An Unexpected Gift

I had been striking out consistently in terms of students submitting asynchronous work. So, to increase the likelihood of students responding to the “I wish my teacher knew…” prompt, I made it a classroom activity. I classified it as “social-emotional learning” in case my principal asked what we were doing. Each student had their own document to open and submit in Google Classroom. I opened up the document I had created about myself and shared it with the class to provide an example of what I was looking for.

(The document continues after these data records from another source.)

lemma vertex_valuesI:
  assumes "i1 \<in> vert" "i2 \<in> vert" "j1 \<in> vert" "j2 \<in> vert"
    "m1 \<in> vert" "m2 \<in> vert" "n1 \<in> vert" "n2 \<in> vert"
  shows "g i1 i2 j1 j2 m1 m2 n1 n2 \<in> {g i1 i2 j1 j2 m1 m2 n1 n2 | i1 i2 j1 j2 m1 m2 n1 n2.
      i1 \<in> vert \<and> i2 \<in> vert \<and> j1 \<in> vert \<and> j2 \<in> vert \<and>
      m1 \<in> vert \<and> m2 \<in> vert \<and> n1 \<in> vert \<and> n2 \<in> vert}"
  unfolding mem_Collect_eq by (intro exI conjI, rule refl, (rule assms)+)

lemma vertex_valuesE:
  assumes "v \<in> {g i1 i2 j1 j2 m1 m2 n1 n2 | i1 i2 j1 j2 m1 m2 n1 n2.
      i1 \<in> vert \<and> i2 \<in> vert \<and> j1 \<in> vert \<and> j2 \<in> vert \<and>
      m1 \<in> vert \<and> m2 \<in> vert \<and> n1 \<in> vert \<and> n2 \<in> vert}"
  obtains i1 i2 j1 j2 m1 m2 n1 n2 where
    "i1 \<in> vert" "i2 \<in> vert" "j1 \<in> vert" "j2 \<in> vert"
    "m1 \<in> vert" "m2 \<in> vert" "n1 \<in> vert" "n2 \<in> vert" "v = g i1 i2 j1 j2 m1 m2 n1 n2"
  using assms by (elim CollectE exE conjE) (rule that; assumption)

lemma finite_vertex_values:
  "finite {g i1 i2 j1 j2 m1 m2 n1 n2 | i1 i2 j1 j2 m1 m2 n1 n2.
      i1 \<in> vert \<and> i2 \<in> vert \<and> j1 \<in> vert \<and> j2 \<in> vert \<and>
      m1 \<in> vert \<and> m2 \<in> vert \<and> n1 \<in> vert \<and> n2 \<in> vert}" (is "finite ?V")
proof (rule finite_subset)
  let ?F = "\<lambda>(i1, i2, j1, j2, m1, m2, n1, n2). g i1 i2 j1 j2 m1 m2 n1 n2"
  show "?V \<subseteq> ?F ` (vert \<times> vert \<times> vert \<times> vert \<times> vert \<times> vert \<times> vert \<times> vert)"
  proof
    fix v assume "v \<in> ?V"
    then obtain i1 i2 j1 j2 m1 m2 n1 n2 where
      "i1 \<in> vert" "i2 \<in> vert" "j1 \<in> vert" "j2 \<in> vert"
      "m1 \<in> vert" "m2 \<in> vert" "n1 \<in> vert" "n2 \<in> vert" "v = g i1 i2 j1 j2 m1 m2 n1 n2"
      by (rule vertex_valuesE)
    then show "v \<in> ?F ` (vert \<times> vert \<times> vert \<times> vert \<times> vert \<times> vert \<times> vert \<times> vert)"
      by (intro image_eqI[where x = "(i1, i2, j1, j2, m1, m2, n1, n2)"]) simp_all
  qed
  show "finite (?F ` (vert \<times> vert \<times> vert \<times> vert \<times> vert \<times> vert \<times> vert \<times> vert))"
    by (intro finite_imageI finite_cartesian_product) (simp_all add: vert_def)
qed

lemma vertex_min_le_hiou:
  assumes "0 < \<alpha>" "\<alpha> < 1" "0 < W0" "0 < H0"
    and "i1 \<in> cube" "i2 \<in> cube" "j1 \<in> cube" "j2 \<in> cube"
    and "m1 \<in> cube" "m2 \<in> cube" "n1 \<in> cube" "n2 \<in> cube"
  shows "vertex_min \<alpha> W0 H0 b_x b_y i j m n \<le> hiou \<alpha> W0 H0 b_x b_y i j m n i1 i2 j1 j2 m1 m2 n1 n2"
proof -
  obtain i1' i2' j1' j2' m1' m2' n1' n2' where
    "i1' \<in> vert" "i2' \<in> vert" "j1' \<in> vert" "j2' \<in> vert"
    "m1' \<in> vert" "m2' \<in> vert" "n1' \<in> vert" "n2' \<in> vert"
    and le: "hiou \<alpha> W0 H0 b_x b_y i j m n i1' i2' j1' j2' m1' m2' n1' n2'
        \<le> hiou \<alpha> W0 H0 b_x b_y i j m n i1 i2 j1 j2 m1 m2 n1 n2"
    by (rule hiou_vertex_le[OF assms])
  then have "vertex_min \<alpha> W0 H0 b_x b_y i j m n
      \<le> hiou \<alpha> W0 H0 b_x b_y i j m n i1' i2' j1' j2' m1' m2' n1' n2'"
    unfolding vertex_min_def by (intro Min_le finite_vertex_values vertex_valuesI)
  with le show ?thesis by linarith
qed

lemma vertex_min_attained:
  obtains i1 i2 j1 j2 m1 m2 n1 n2 where
    "i1 \<in> vert" "i2 \<in> vert" "j1 \<in> vert" "j2 \<in> vert"
    "m1 \<in> vert" "m2 \<in> vert" "n1 \<in> vert" "n2 \<in> vert"
    "vertex_min \<alpha> W0 H0 b_x b_y i j m n = hiou \<alpha> W0 H0 b_x b_y i j m n i1 i2 j1 j2 m1 m2 n1 n2"
proof -
  have "-1/2 \<in> vert" by (simp add: vert_def)
  then have "vertex_min \<alpha> W0 H0 b_x b_y i j m n \<in>
      {hiou \<alpha> W0 H0 b_x b_y i j m n i1 i2 j1 j2 m1 m2 n1 n2 | i1 i2 j1 j2 m1 m2 n1 n2.
        i1 \<in> vert \<and> i2 \<in> vert \<and> j1 \<in> vert \<and> j2 \<in> vert \<and>
        m1 \<in> vert \<and> m2 \<in> vert \<and> n1 \<in> vert \<and> n2 \<in> vert}"
    unfolding vertex_min_def by (intro Min_in finite_vertex_values) (blast intro: vertex_valuesI)
  then show thesis by (elim vertex_valuesE) (rule that; assumption)
qed

lemma vertex_min_normalize:
  assumes "0 < \<alpha>" "0 < W0" "0 < H0"
  shows "vertex_min \<alpha> W0 H0 b_x b_y i j m n = vertex_min \<alpha> 1 1 0 0 0 0 0 0"
  unfolding vertex_min_def hiou_normalize[OF assms] ..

I wish my teacher knew that I am upside-down, topsy turvy. My parents fight all the time, my mom never smiles anymore and I want to stay with my grandma. I wish my teacher knew I have a hard time focusing when we are doing long division because I just think about what’s going on at home. I wish my teacher knew I stay up at night watching my little sister because she cries a lot. They call it “colic.” I wish there was a cure for colic so we could all get some sleep. I wish my teacher knew I love to read and write — that writing is my freedom and reading is my savior. I wish my teacher knew that my words never fail me, but I have learned that people you trust do.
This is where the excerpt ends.